TASK INPUTS:
lemma sum_qchar:
  assumes "odd CARD('a::{finite,field})"
  shows "(\<Sum>a\<in>UNIV. qchar (a::'a)) = 0"
proof -
  have "card ((\<lambda>b. b^2) ` (-{0::'a})) < card (-{0::'a})"
    using card_nonzero_squares[OF assms] three_le_CARD[OF assms]
    by (simp add: Compl_eq_Diff_UNIV card_Diff_singleton)
  then have "\<not> -{0::'a} \<subseteq> (\<lambda>b. b^2) ` (-{0})"
    using card_mono[of "(\<lambda>b. b^2) ` (-{0::'a})" "-{0}"] by auto
  then obtain n :: 'a where "n \<noteq> 0" "n \<notin> (\<lambda>b. b^2) ` (-{0})"
    by blast
  then have n: "qchar n = -1" "n \<noteq> 0"
    by (auto simp: qchar_def)
  have "(\<Sum>a\<in>UNIV. qchar (a::'a)) = (\<Sum>a\<in>UNIV. qchar (n * a))"
    by (rule sum.reindex_bij_witness[where i="\<lambda>a. n * a" and j="\<lambda>b. b / n"]) (use n in auto)
  also have "\<dots> = - (\<Sum>a\<in>UNIV. qchar (a::'a))"
    by (simp add: qchar_mult[OF assms] n sum_negf)
  finally show ?thesis
    by simp
qed

lemma card_square_roots:
  assumes "odd CARD('a::{finite,field})"
  shows "int (card {t::'a. t^2 = a}) = 1 + qchar a"
proof -
  consider "a = 0" | b where "a = b^2" "b \<noteq> 0" | "a \<noteq> 0" "\<nexists>b. a = b^2"
    by fastforce
  then show ?thesis
  proof cases
    case 1
    then have "{t::'a. t^2 = a} = {0}"
      by auto
    then show ?thesis
      using 1 by simp
  next
    case 2
    have "b + b \<noteq> 0"
      using 2 two_neq_zero[OF assms] by (metis mult_2 mult_eq_0_iff)
    then have "b \<noteq> - b"
      by (metis eq_neg_iff_add_eq_0)
    moreover have "{t. t^2 = a} = {b, -b}"
      using 2 by (auto simp: power2_eq_iff)
    ultimately show ?thesis
      using 2 by simp
  next
    case 3
    then have "{t::'a. t^2 = a} = {}" "qchar a = -1"
      by (auto simp: qchar_def)
    then show ?thesis
      by simp
  qed
qed

section \<open>Gauss sums\<close>

definition gauss_sum :: "'a::{finite,field} itself \<Rightarrow> complex" where
  "gauss_sum _ = (\<Sum>a\<in>UNIV. of_int (qchar a) * addchar (a::'a))"

lemma sum_qchar_addchar_mult:
  assumes "odd CARD('a::{finite,field})"
  shows "(\<Sum>s\<in>UNIV. of_int (qchar s) * addchar ((a::'a) * s)) = of_int (qchar a) * gauss_sum TYPE('a)"
proof (cases "a = 0")
  case True
  then show ?thesis
    by (simp flip: of_int_sum add: sum_qchar[OF assms])
next
  case False
  have "(\<Sum>s\<in>UNIV. of_int (qchar s) * addchar (a * s)) = (\<Sum>b\<in>UNIV. of_int (qchar (b / a)) * addchar b)"
    by (rule sum.reindex_bij_witness[where i="\<lambda>b. b / a" and j="\<lambda>s. a * s"]) (use False in auto)
  also have "\<dots> = of_int (qchar a) * gauss_sum TYPE('a)"
    by (simp add: gauss_sum_def divide_inverse qchar_mult[OF assms] qchar_inverse[OF assms]
        sum_distrib_left mult_ac)
  finally show ?thesis .
qed

lemma sum_over_squares:
  fixes f :: "'a::{finite,field} \<Rightarrow> complex"
  assumes "odd CARD('a)"
  shows "(\<Sum>t\<in>UNIV. f (t^2)) = (\<Sum>a\<in>UNIV. (1 + of_int (qchar a)) * f a)"
proof -
  have "(\<Sum>t\<in>UNIV. f (t^2)) = (\<Sum>t\<in>UNIV. \<Sum>a\<in>UNIV. if t^2 = a then f a else 0)"
    by simp
  also have "\<dots> = (\<Sum>a\<in>UNIV. of_nat (card {t::'a. t^2 = a}) * f a)"
    by (subst sum.swap) (simp add: sum.If_cases)
  also have "\<dots> = (\<Sum>a\<in>UNIV. (1 + of_int (qchar a)) * f a)"
  proof (intro sum.cong refl)
    fix a :: 'a
    have "(of_nat (card {t::'a. t^2 = a}) :: complex) = of_int (int (card {t::'a. t^2 = a}))"
      by simp
    then show "of_nat (card {t::'a. t^2 = a}) * f a = (1 + of_int (qchar a)) * f a"
      by (simp add: card_square_roots[OF assms])
  qed
  finally show ?thesis .
qed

TASK DESCRIPTION: Your task is to reproduce all of the records exactly.

PROBLEM SOLUTION:
lemma sum_qchar:
  assumes "odd CARD('a::{finite,field})"
  shows "(\<Sum>a\<in>UNIV. qchar (a::'a)) = 0"
proof -
  have "card ((\<lambda>b. b^2) ` (-{0::'a})) < card (-{0::'a})"
    using card_nonzero_squares[OF assms] three_le_CARD[OF assms]
    by (simp add: Compl_eq_Diff_UNIV card_Diff_singleton)
  then have "\<not> -{0::'a} \<subseteq> (\<lambda>b. b^2) ` (-{0})"
    using card_mono[of "(\<lambda>b. b^2) ` (-{0::'a})" "-{0}"] by auto
  then obtain n :: 'a where "n \<noteq> 0" "n \<notin> (\<lambda>b. b^2) ` (-{0})"
    by blast
  then have n: "qchar n = -1" "n \<noteq> 0"
    by (auto simp: qchar_def)
  have "(\<Sum>a\<in>UNIV. qchar (a::'a)) = (\<Sum>a\<in>UNIV. qchar (n * a))"
    by (rule sum.reindex_bij_witness[where i="\<lambda>a. n * a" and j="\<lambda>b. b / n"]) (use n in auto)
  also have "\<dots> = - (\<Sum>a\<in>UNIV. qchar (a::'a))"
    by (simp add: qchar_mult[OF assms] n sum_negf)
  finally show ?thesis
    by simp
qed

lemma card_square_roots:
  assumes "odd CARD('a::{finite,field})"
  shows "int (card {t::'a. t^2 = a}) = 1 + qchar a"
proof -
  consider "a = 0" | b where "a = b^2" "b \<noteq> 0" | "a \<noteq> 0" "\<nexists>b. a = b^2"
    by fastforce
  then show ?thesis
  proof cases
    case 1
    then have "{t::'a. t^2 = a} = {0}"
      by auto
    then show ?thesis
      using 1 by simp
  next
    case 2
    have "b + b \<noteq> 0"
      using 2 two_neq_zero[OF assms] by (metis mult_2 mult_eq_0_iff)
    then have "b \<noteq> - b"
      by (metis eq_neg_iff_add_eq_0)
    moreover have "{t. t^2 = a} = {b, -b}"
      using 2 by (auto simp: power2_eq_iff)
    ultimately show ?thesis
      using 2 by simp
  next
    case 3
    then have "{t::'a. t^2 = a} = {}" "qchar a = -1"
      by (auto simp: qchar_def)
    then show ?thesis
      by simp
  qed
qed

section \<open>Gauss sums\<close>

definition gauss_sum :: "'a::{finite,field} itself \<Rightarrow> complex" where
  "gauss_sum _ = (\<Sum>a\<in>UNIV. of_int (qchar a) * addchar (a::'a))"

lemma sum_qchar_addchar_mult:
  assumes "odd CARD('a::{finite,field})"
  shows "(\<Sum>s\<in>UNIV. of_int (qchar s) * addchar ((a::'a) * s)) = of_int (qchar a) * gauss_sum TYPE('a)"
proof (cases "a = 0")
  case True
  then show ?thesis
    by (simp flip: of_int_sum add: sum_qchar[OF assms])
next
  case False
  have "(\<Sum>s\<in>UNIV. of_int (qchar s) * addchar (a * s)) = (\<Sum>b\<in>UNIV. of_int (qchar (b / a)) * addchar b)"
    by (rule sum.reindex_bij_witness[where i="\<lambda>b. b / a" and j="\<lambda>s. a * s"]) (use False in auto)
  also have "\<dots> = of_int (qchar a) * gauss_sum TYPE('a)"
    by (simp add: gauss_sum_def divide_inverse qchar_mult[OF assms] qchar_inverse[OF assms]
        sum_distrib_left mult_ac)
  finally show ?thesis .
qed

lemma sum_over_squares:
  fixes f :: "'a::{finite,field} \<Rightarrow> complex"
  assumes "odd CARD('a)"
  shows "(\<Sum>t\<in>UNIV. f (t^2)) = (\<Sum>a\<in>UNIV. (1 + of_int (qchar a)) * f a)"
proof -
  have "(\<Sum>t\<in>UNIV. f (t^2)) = (\<Sum>t\<in>UNIV. \<Sum>a\<in>UNIV. if t^2 = a then f a else 0)"
    by simp
  also have "\<dots> = (\<Sum>a\<in>UNIV. of_nat (card {t::'a. t^2 = a}) * f a)"
    by (subst sum.swap) (simp add: sum.If_cases)
  also have "\<dots> = (\<Sum>a\<in>UNIV. (1 + of_int (qchar a)) * f a)"
  proof (intro sum.cong refl)
    fix a :: 'a
    have "(of_nat (card {t::'a. t^2 = a}) :: complex) = of_int (int (card {t::'a. t^2 = a}))"
      by simp
    then show "of_nat (card {t::'a. t^2 = a}) * f a = (1 + of_int (qchar a)) * f a"
      by (simp add: card_square_roots[OF assms])
  qed
  finally show ?thesis .
qed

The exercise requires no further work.